─── MATERIAL FOR THIS TASK

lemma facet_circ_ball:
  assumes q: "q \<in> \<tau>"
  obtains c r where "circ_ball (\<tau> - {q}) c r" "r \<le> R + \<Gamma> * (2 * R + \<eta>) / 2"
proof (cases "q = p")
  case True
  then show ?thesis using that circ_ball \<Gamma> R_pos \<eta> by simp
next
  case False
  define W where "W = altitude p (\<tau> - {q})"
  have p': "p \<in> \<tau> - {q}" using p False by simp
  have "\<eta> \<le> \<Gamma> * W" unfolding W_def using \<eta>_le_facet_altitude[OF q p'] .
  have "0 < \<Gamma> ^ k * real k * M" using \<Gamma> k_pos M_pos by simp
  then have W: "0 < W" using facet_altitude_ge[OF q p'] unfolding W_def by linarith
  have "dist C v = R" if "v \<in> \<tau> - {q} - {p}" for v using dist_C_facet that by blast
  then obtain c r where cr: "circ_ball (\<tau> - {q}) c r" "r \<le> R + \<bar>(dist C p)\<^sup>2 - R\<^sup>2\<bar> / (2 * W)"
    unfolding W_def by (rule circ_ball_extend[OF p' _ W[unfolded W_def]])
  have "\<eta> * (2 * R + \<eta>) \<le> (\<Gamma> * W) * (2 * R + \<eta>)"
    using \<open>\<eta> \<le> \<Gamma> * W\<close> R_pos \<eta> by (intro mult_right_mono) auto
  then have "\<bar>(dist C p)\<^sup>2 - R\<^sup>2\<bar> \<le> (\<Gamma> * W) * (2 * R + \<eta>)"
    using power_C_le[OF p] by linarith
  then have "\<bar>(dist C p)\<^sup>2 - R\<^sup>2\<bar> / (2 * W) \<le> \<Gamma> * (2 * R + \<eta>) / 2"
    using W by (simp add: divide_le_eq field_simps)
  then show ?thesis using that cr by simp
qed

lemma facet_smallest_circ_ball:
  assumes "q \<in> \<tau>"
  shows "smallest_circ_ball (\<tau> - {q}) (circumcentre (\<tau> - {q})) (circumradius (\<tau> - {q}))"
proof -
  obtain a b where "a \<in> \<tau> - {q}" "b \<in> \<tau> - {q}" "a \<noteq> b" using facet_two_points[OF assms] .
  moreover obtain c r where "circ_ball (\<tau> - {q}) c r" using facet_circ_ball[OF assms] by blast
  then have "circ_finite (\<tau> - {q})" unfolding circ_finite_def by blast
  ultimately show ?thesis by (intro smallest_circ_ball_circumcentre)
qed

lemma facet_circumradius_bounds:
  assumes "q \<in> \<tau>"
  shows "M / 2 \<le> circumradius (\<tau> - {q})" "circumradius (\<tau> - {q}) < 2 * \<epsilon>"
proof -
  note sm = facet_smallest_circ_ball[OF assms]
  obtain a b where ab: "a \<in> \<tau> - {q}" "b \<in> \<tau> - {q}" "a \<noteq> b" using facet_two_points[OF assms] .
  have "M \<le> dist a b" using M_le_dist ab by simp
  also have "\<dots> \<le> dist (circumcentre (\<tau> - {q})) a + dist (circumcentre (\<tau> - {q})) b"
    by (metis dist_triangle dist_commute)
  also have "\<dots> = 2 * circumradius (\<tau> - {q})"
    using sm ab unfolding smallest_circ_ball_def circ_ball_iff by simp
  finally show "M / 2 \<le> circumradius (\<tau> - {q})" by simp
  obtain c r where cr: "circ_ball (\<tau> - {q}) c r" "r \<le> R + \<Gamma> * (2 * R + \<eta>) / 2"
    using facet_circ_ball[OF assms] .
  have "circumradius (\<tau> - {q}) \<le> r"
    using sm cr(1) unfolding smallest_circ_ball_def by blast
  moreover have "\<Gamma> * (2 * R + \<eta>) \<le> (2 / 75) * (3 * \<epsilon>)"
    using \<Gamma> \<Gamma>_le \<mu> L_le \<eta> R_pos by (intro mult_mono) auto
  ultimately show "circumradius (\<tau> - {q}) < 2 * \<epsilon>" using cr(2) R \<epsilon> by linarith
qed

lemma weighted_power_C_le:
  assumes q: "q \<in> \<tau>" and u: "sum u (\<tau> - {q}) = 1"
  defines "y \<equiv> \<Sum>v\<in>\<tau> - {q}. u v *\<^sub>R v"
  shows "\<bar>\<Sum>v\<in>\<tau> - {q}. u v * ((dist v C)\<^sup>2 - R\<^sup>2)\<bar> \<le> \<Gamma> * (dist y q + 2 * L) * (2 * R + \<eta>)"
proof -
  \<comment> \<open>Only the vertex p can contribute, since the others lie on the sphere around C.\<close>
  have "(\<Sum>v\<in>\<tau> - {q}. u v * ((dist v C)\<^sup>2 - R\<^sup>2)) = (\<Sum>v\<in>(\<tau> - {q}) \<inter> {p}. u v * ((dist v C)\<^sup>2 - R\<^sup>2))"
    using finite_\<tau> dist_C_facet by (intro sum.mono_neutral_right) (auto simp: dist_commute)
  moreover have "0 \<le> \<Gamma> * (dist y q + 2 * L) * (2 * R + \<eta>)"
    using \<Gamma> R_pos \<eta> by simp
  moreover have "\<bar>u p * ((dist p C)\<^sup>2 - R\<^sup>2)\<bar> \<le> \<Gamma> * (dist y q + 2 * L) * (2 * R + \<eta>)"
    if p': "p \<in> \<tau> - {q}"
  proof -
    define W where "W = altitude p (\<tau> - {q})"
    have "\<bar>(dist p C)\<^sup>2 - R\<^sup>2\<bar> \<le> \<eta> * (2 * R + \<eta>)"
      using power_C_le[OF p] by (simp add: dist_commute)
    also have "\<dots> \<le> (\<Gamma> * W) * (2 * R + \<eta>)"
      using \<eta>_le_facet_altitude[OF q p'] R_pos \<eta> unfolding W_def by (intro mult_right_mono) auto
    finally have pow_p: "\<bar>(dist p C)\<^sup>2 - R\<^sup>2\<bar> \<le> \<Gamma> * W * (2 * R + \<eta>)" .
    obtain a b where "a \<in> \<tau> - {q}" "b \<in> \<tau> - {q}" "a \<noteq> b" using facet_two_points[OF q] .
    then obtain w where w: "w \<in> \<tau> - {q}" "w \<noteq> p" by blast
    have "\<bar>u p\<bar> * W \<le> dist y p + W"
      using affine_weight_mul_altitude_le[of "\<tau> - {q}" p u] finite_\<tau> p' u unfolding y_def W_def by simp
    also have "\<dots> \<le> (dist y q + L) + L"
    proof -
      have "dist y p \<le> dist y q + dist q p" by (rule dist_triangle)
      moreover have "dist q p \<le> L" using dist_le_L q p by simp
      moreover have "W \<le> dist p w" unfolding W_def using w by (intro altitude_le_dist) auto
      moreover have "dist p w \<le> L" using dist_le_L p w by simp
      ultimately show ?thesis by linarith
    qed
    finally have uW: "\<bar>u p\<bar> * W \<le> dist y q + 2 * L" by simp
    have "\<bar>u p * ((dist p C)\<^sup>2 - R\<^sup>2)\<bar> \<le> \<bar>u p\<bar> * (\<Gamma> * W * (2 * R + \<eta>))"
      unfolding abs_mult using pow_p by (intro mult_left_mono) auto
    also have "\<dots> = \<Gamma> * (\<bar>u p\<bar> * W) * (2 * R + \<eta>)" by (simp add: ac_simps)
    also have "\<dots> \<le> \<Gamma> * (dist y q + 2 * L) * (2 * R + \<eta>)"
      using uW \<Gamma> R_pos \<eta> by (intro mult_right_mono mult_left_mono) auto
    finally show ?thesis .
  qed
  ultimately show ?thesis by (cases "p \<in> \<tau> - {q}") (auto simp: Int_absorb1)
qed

──────

§ **WHAT THIS TASK INVOLVES**: When a line among the entries contains "cases", pull that line out.

§ **RESULT FOR THIS TASK**:
proof (cases "q = p")
  ultimately show ?thesis by (cases "p \<in> \<tau> - {q}") (auto simp: Int_absorb1)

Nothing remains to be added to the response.